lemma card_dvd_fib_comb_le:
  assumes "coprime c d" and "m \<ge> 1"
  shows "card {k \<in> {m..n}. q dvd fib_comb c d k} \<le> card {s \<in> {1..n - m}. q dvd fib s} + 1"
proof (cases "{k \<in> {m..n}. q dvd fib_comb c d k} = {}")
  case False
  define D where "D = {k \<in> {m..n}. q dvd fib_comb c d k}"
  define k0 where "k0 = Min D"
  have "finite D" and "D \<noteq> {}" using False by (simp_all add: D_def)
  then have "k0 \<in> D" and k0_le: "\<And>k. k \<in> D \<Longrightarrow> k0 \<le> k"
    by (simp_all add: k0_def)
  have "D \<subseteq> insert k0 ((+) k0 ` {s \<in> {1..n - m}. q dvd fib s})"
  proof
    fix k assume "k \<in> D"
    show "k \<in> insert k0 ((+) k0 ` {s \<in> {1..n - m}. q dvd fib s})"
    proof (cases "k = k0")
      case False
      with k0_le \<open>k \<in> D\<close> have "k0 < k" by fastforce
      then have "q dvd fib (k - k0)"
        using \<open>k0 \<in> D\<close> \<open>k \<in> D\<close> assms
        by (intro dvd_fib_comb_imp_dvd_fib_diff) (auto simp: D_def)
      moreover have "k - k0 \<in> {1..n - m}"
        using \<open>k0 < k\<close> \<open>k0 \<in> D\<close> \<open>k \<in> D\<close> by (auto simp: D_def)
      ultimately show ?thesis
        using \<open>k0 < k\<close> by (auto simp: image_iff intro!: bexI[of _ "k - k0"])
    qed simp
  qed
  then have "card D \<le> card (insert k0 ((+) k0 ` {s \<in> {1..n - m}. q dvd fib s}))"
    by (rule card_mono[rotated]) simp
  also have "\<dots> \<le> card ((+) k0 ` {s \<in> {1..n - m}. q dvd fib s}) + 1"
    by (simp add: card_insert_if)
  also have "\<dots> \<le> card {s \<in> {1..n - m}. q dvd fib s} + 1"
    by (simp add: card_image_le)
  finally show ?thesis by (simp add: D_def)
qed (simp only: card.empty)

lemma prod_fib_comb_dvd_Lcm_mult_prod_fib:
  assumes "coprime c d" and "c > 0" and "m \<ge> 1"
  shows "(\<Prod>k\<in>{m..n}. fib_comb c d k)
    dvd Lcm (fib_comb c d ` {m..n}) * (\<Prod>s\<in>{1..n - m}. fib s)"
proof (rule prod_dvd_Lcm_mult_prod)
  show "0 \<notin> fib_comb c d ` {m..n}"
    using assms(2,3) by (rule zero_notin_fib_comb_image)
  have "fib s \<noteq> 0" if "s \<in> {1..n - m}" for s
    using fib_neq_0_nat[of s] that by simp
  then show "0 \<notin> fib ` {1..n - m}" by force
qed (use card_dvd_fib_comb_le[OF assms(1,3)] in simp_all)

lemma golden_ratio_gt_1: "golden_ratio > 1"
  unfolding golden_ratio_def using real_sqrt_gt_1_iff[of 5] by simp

- **What the task requires**: What you should do is return the records above exactly, leaving nothing out.

- **Worked solution**:
lemma card_dvd_fib_comb_le:
  assumes "coprime c d" and "m \<ge> 1"
  shows "card {k \<in> {m..n}. q dvd fib_comb c d k} \<le> card {s \<in> {1..n - m}. q dvd fib s} + 1"
proof (cases "{k \<in> {m..n}. q dvd fib_comb c d k} = {}")
  case False
  define D where "D = {k \<in> {m..n}. q dvd fib_comb c d k}"
  define k0 where "k0 = Min D"
  have "finite D" and "D \<noteq> {}" using False by (simp_all add: D_def)
  then have "k0 \<in> D" and k0_le: "\<And>k. k \<in> D \<Longrightarrow> k0 \<le> k"
    by (simp_all add: k0_def)
  have "D \<subseteq> insert k0 ((+) k0 ` {s \<in> {1..n - m}. q dvd fib s})"
  proof
    fix k assume "k \<in> D"
    show "k \<in> insert k0 ((+) k0 ` {s \<in> {1..n - m}. q dvd fib s})"
    proof (cases "k = k0")
      case False
      with k0_le \<open>k \<in> D\<close> have "k0 < k" by fastforce
      then have "q dvd fib (k - k0)"
        using \<open>k0 \<in> D\<close> \<open>k \<in> D\<close> assms
        by (intro dvd_fib_comb_imp_dvd_fib_diff) (auto simp: D_def)
      moreover have "k - k0 \<in> {1..n - m}"
        using \<open>k0 < k\<close> \<open>k0 \<in> D\<close> \<open>k \<in> D\<close> by (auto simp: D_def)
      ultimately show ?thesis
        using \<open>k0 < k\<close> by (auto simp: image_iff intro!: bexI[of _ "k - k0"])
    qed simp
  qed
  then have "card D \<le> card (insert k0 ((+) k0 ` {s \<in> {1..n - m}. q dvd fib s}))"
    by (rule card_mono[rotated]) simp
  also have "\<dots> \<le> card ((+) k0 ` {s \<in> {1..n - m}. q dvd fib s}) + 1"
    by (simp add: card_insert_if)
  also have "\<dots> \<le> card {s \<in> {1..n - m}. q dvd fib s} + 1"
    by (simp add: card_image_le)
  finally show ?thesis by (simp add: D_def)
qed (simp only: card.empty)

lemma prod_fib_comb_dvd_Lcm_mult_prod_fib:
  assumes "coprime c d" and "c > 0" and "m \<ge> 1"
  shows "(\<Prod>k\<in>{m..n}. fib_comb c d k)
    dvd Lcm (fib_comb c d ` {m..n}) * (\<Prod>s\<in>{1..n - m}. fib s)"
proof (rule prod_dvd_Lcm_mult_prod)
  show "0 \<notin> fib_comb c d ` {m..n}"
    using assms(2,3) by (rule zero_notin_fib_comb_image)
  have "fib s \<noteq> 0" if "s \<in> {1..n - m}" for s
    using fib_neq_0_nat[of s] that by simp
  then show "0 \<notin> fib ` {1..n - m}" by force
qed (use card_dvd_fib_comb_le[OF assms(1,3)] in simp_all)

lemma golden_ratio_gt_1: "golden_ratio > 1"
  unfolding golden_ratio_def using real_sqrt_gt_1_iff[of 5] by simp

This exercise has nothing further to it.